Saved data entries -
lemma norm_levy_integral_diff_le:
  assumes V: "levy_measure V" "V \<in> levy_class r1 r2"
    and r: "0 < r1" "r1 \<le> 2" "0 < r2" "r2 \<le> 2"
    and asym: "\<not> symmetric_measure V \<Longrightarrow> r1 \<le> 1 \<and> 1 \<le> r2"
  shows "norm ((\<integral>a. levy_integrand x a \<partial>V) - (\<integral>a. levy_integrand y a \<partial>V))
      \<le> 4 * (large_jump_moment r1 V * H_pointwise r1 x y + small_jump_moment r2 V * H_pointwise r2 x y)"
proof (cases "symmetric_measure V")
  case True
  note even = integrable_levy_integrand_even[OF V(1) True] integral_levy_integrand_even[OF V(1) True]
  have "(\<integral>a. levy_integrand x a \<partial>V) - (\<integral>a. levy_integrand y a \<partial>V)
      = (\<integral>a. levy_integrand_even x a - levy_integrand_even y a \<partial>V)"
    using even by (simp flip: even(2))
  also have "norm \<dots>
      \<le> 4 * (large_jump_moment r1 V * H_pointwise r1 x y + small_jump_moment r2 V * H_pointwise r2 x y)"
  proof (rule norm_integral_le_jump_moments[OF V(2)])
    show "integrable V (\<lambda>a. levy_integrand_even x a - levy_integrand_even y a)"
      using even(1) by simp
    show "levy_integrand_even x 0 - levy_integrand_even y 0 = 0"
      by (simp add: levy_integrand_even_def)
    show "norm (levy_integrand_even x a - levy_integrand_even y a) \<le> 4 * \<bar>a\<bar> powr r1 * H_pointwise r1 x y"
      for a using r by (intro norm_levy_integrand_even_diff) auto
    show "norm (levy_integrand_even x a - levy_integrand_even y a) \<le> 4 * \<bar>a\<bar> powr r2 * H_pointwise r2 x y"
      for a using r by (intro norm_levy_integrand_even_diff) auto
  qed
  finally show ?thesis .
next
  case False
  note int = integrable_levy_integrand[OF V(1)]
  have "(\<integral>a. levy_integrand x a \<partial>V) - (\<integral>a. levy_integrand y a \<partial>V)
      = (\<integral>a. levy_integrand x a - levy_integrand y a \<partial>V)"
    using int by simp
  also have "norm \<dots>
      \<le> 4 * (large_jump_moment r1 V * H_pointwise r1 x y + small_jump_moment r2 V * H_pointwise r2 x y)"
  proof (rule norm_integral_le_jump_moments[OF V(2)])
    show "integrable V (\<lambda>a. levy_integrand x a - levy_integrand y a)"
      using int by simp
    show "levy_integrand x 0 - levy_integrand y 0 = 0"
      by (simp add: levy_integrand_def)
    show "norm (levy_integrand x a - levy_integrand y a) \<le> 4 * \<bar>a\<bar> powr r1 * H_pointwise r1 x y"
      if "1 \<le> \<bar>a\<bar>" for a
      using that r asym[OF False] by (intro norm_levy_integrand_diff_large) auto
    show "norm (levy_integrand x a - levy_integrand y a) \<le> 4 * \<bar>a\<bar> powr r2 * H_pointwise r2 x y"
      if "0 < \<bar>a\<bar>" "\<bar>a\<bar> < 1" for a
      using that r asym[OF False] by (intro norm_levy_integrand_diff_small) auto
  qed
  finally show ?thesis .
qed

GOAL OF THE EXERCISE -
Could you print the lines of the records above from the one containing "(\<lambda>a. levy_integrand x" through the last, exactly and with no additions?

SOLUTION -
    show "integrable V (\<lambda>a. levy_integrand x a - levy_integrand y a)"
      using int by simp
    show "levy_integrand x 0 - levy_integrand y 0 = 0"
      by (simp add: levy_integrand_def)
    show "norm (levy_integrand x a - levy_integrand y a) \<le> 4 * \<bar>a\<bar> powr r1 * H_pointwise r1 x y"
      if "1 \<le> \<bar>a\<bar>" for a
      using that r asym[OF False] by (intro norm_levy_integrand_diff_large) auto
    show "norm (levy_integrand x a - levy_integrand y a) \<le> 4 * \<bar>a\<bar> powr r2 * H_pointwise r2 x y"
      if "0 < \<bar>a\<bar>" "\<bar>a\<bar> < 1" for a
      using that r asym[OF False] by (intro norm_levy_integrand_diff_small) auto
  qed
  finally show ?thesis .
qed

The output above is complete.